Tujuh Mahasiswa AS Belajar Pluralisme di Jatim
Mahasiswa AS: Orang Indonesia Sangat Terbuka

Konsulat AS di Surabaya saat menerima tujuh mahasiswa AS (Antara/Santrinews)
Surabaya – Indonesia dan Amerika Serikat memiliki banyak kesamaan, terutama dalam kamajemukan masyarakatnya.
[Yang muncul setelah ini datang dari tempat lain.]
(* Let $E$ be a locally complete lcHs over $\mathbb{K}$, let $G\subset E'$ be a separating linear subspace, and let $\mathcal{F}(\Omega)$ and $\mathcal{F}(\Omega,E)$ be $\varepsilon$-into-compatible. Let $(T^{E},T^{\mathbb{K}})$ be a consistent and strong family for $(\mathcal{F},E)$, $\nu\colon\omega\to(0,\infty)$ a weight, and suppose $\mathcal{F}\nu(\Omega)$ is a Banach space whose closed unit ball $B_{\mathcal{F}\nu}$ is a compact subset of $\mathcal{F}(\Omega)$. Let $U\subset\omega$ fix the topology in $\mathcal{F}\nu(\Omega)$. Then for every $f\in\mathcal{F}\nu_{G}(U,E)$ such that $\{f(x)\nu(x): x\in U\}$ is bounded in $E$ there exists $F\in\mathcal{F}_{\varepsilon}\nu(\Omega,E)$ with $T^{E}(F)(x)=f(x)$ for all $x\in U$; i.e. the restriction map $R_{U,G}\colon\mathcal{F}_\varepsilon\nu(\Omega,E)\to\mathcal{F}\nu_G(U,E)_{lb}$, $F\mapsto(T^E(F)(x))_{x\in U}$, is surjective.
   Context: $\mathbb{K}\in\{\mathbb{R},\mathbb{C}\}$; "lcHs" means locally convex Hausdorff space over $\mathbb{K}$; $E$ carries a directed fundamental system of seminorms $(p_\alpha)_{\alpha\in\mathfrak{A}}$ and $E'$ is its dual. $E$ is locally complete if for every closed bounded absolutely convex $D\subset E$ the space $\bigcup_n nD$ normed by the gauge of $D$ is a Banach space. A subspace $G\subset E'$ is separating if $e'(x)=0$ for all $e'\in G$ implies $x=0$. Framework: Let $\Omega,\omega$ be non-empty sets. For an lcHs $F$, $F'_\kappa$ is $F'$ with the topology of uniform convergence on absolutely convex compact subsets of $F$, and $F\varepsilon E:=L_e(F'_\kappa,E)$ is the space of continuous linear maps $F'_\kappa\to E$ with the topology of uniform convergence on equicontinuous subsets of $F'$. Let $\mathcal{F}(\Omega)\subset\mathbb{K}^\Omega$ and $\mathcal{F}(\Omega,E)\subset E^\Omega$ be linear subspaces carrying locally convex Hausdorff topologies with $\delta_x\in\mathcal{F}(\Omega)'$ for all $x\in\Omega$. Define $S\colon\mathcal{F}(\Omega)\varepsilon E\to E^\Omega$, $S(u)(x):=u(\delta_x)$. The spaces are $\varepsilon$-into-compatible if $S$ maps into $\mathcal{F}(\Omega,E)$ and is a linear topological isomorphism onto its range. Let $T^{\mathbb{K}}\colon\mathcal{F}(\Omega)\to\mathbb{K}^\omega$ and $T^{E}\colon\mathcal{F}(\Omega,E)\to E^\omega$ be linear and $T^{\mathbb{K}}_x:=\delta_x\circ T^{\mathbb{K}}$. $(T^E,T^{\mathbb{K}})$ is consistent for $(\mathcal{F},E)$ if for every $u\in\mathcal{F}(\Omega)\varepsilon E$ we have $S(u)\in\mathcal{F}(\Omega,E)$ and for all $x\in\omega$: $T^{\mathbb{K}}_x\in\mathcal{F}(\Omega)'$ and $T^{E}(S(u))(x)=u(T^{\mathbb{K}}_x)$. It is strong for $(\mathcal{F},E)$ if for all $e'\in E'$, $f\in\mathcal{F}(\Omega,E)$: $e'\circ f\in\mathcal{F}(\Omega)$ and $T^{\mathbb{K}}(e'\circ f)(x)=e'(T^E(f)(x))$ for all $x\in\omega$. For a weight $\nu\colon\omega\to(0,\infty)$ set $\mathcal{F}\nu(\Omega,E):=\{f\in\mathcal{F}(\Omega,E): |f|_\alpha:=\sup_{x\in\omega}p_\alpha(T^E(f)(x))\nu(x)<\infty\ \forall\alpha\}$ with the topology of these seminorms, and $\mathcal{F}\nu(\Omega):=\{f\in\mathcal{F}(\Omega): |f|_{\mathcal{F}\nu}:=\sup_{x\in\omega}|T^{\mathbb{K}}(f)(x)|\nu(x)<\infty\}$. Let $B_{\mathcal{F}\nu}$ be the closed unit ball of $\mathcal{F}\nu(\Omega)$, $B^{\circ\mathcal{F}'}_{\mathcal{F}\nu}:=\{y'\in\mathcal{F}(\Omega)':|y'(f)|\le1\ \forall f\in B_{\mathcal{F}\nu}\}$ and $\mathcal{F}_\varepsilon\nu(\Omega,E):=S(\{u\in\mathcal{F}(\Omega)\varepsilon E: u(B^{\circ\mathcal{F}'}_{\mathcal{F}\nu})\text{ is bounded in }E\})$. A set $U\subset\omega$ fixes the topology in $\mathcal{F}\nu(\Omega)$ if there is $C>0$ with $|f|_{\mathcal{F}\nu}\le C\sup_{x\in U}|T^{\mathbb{K}}(f)(x)|\nu(x)$ for all $f\in\mathcal{F}\nu(\Omega)$. $\mathcal{F}\nu_G(U,E)$ is the space of functions $f\colon U\to E$ such that for every $e'\in G$ there is $f_{e'}\in\mathcal{F}\nu(\Omega)$ with $T^{\mathbb{K}}(f_{e'})(x)=e'(f(x))$ for all $x\in U$; $\mathcal{F}\nu_G(U,E)_{lb}$ is the subspace of those $f$ for which $\{f(x)\nu(x):x\in U\}$ is bounded in $E$. *)

theory Defs
  imports "HOL-Analysis.Analysis" "HOL-Library.Function_Algebras"
begin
Masyarakat Indonesia memiliki Pancasila sebagai dasar Negara yang melindungi berbagai kemajemukan.
Demikian diungkapkan Kepala Bagian Politik dan Ekonomi Konjen AS di Surabaya, Heather Coble, saat mendampingi Konsul Jenderal AS di Surabaya, Joaquin Monserrate, saat menerima tujuh mahasiswa AS dari Lehigh University dan University of Michigan, Rabu petang, 12 Juni 2013.
Tujuh mahasiswa AS itu datang ke Indonesia untuk belajar pluralisme agama di Jawa Timur dengan mengunjungi pesantren, gereja, klenteng, tempat bersejarah, dan perguruan tinggi.
“Orang Indonesia itu sangat mengagumkan, karena di sini banyak kemajemukan seperti di Amerika,” kata mahasiswa University of Michigan, Alex Leader, seperti dilansir laman Antara.
Bersama enam temannya dari AS, Alex juga didampingi tujuh mahasiswa Indonesia dari Unair, UGM, dan UI. Mereka adalah peserta program ‘U.S.-Indonesia Partnership Program for Study Abroad Capacity’ (USIPP). Program di Indonesia ini dimulai 30 Mei hingga 5 Juli.
Alex mengatakan, sebelum ke Indonesia, dirinya bersama rekan-rekannya sudah banyak belajar tentang negara-negara Asia Tenggara dan Islam, tapi semuanya hanya teori. “Ketika datang di sini, saya melihat sendiri bahwa orang Indonesia itu sangat terbuka, baik, dan ingin belajar tentang orang lain,” katanya.
Ia mengaku suka dengan Surabaya, karena Surabaya itu mirip Los Angeles di kawasan pantai barat. “Beda dengan Jakarta dan Yogyakarta yang mirip New York dan Washington DC di Amerika, saya suka Surabaya,” katanya.
Sementara itu, Konsul Jenderal AS di Surabaya, Joaquin Monserrate, mengatakan program USIPP yang melibatkan dua universitas di Amerika dan tiga universitas di Indonesia (UI, UGM, dan Unair) itu merupakan program saling belajar.
“Mahasiswa Amerika yang datang lebih dulu ke Indonesia dengan didampingi rekan-rekannya dari Indonesia, kemudian berganti dengan mahasiswa Indonesia yang ke Amerika dengan didampingi rekan-rekannya dari Amerika. Jadi, mereka akan saling belajar,” katanya.
Setelah dari Jakarta dan Yogyakarta, katanya, para mahasiswa AS dan Indonesia itu kini mengunjungi Jatim. Mereka mengunjungi Unair (Surabaya), Pesantren Darul Ulum dan Pesantren Tebuireng (Jombang), dan Universitas Muhammadiyah Sidoarjo.
Selain itu, Gereja Katholik Kepanjen (Malang), Masjid Cheng Hoo (Pandaan/Pasuruan), Klenteng Sanggar Agung Kenjeran dan Museum Seni ‘House of Sampoerna’ (Surabaya). “Di Amerika, mereka juga akan mengunjungi tempat-tempat yang terkait dengan pluralisme,” katanya.
Ia mengharapkan program yang bersifat investasi bagi generasi muda itu akan melahirkan pemuda dari kedua negara yang saling belajar dan di masa depan akan terjalin hubungan yang lebih baik karena dibangun dengan saling memahami.
Hal itu diakui mahasiswi dari Unair, Rizka Khairani. “Dari kunjungan ke Jakarta, Yogyakarta, dan Surabaya tampaknya ada perubahan paradigma dari mahasiswa Amerika tentang Indonesia dan Islam,” katanya.
Perubahan itu antara lain pandangan mereka tentang teroris dan Islam di Indonesia tidak seburuk yang dipahami selama ini. “Mereka menjadi tahu bahwa Islam di Indonesia itu tidak represif dan teroris itu tidak mewakili Islam, tapi perilaku individu,” katanya. (ahay/saif).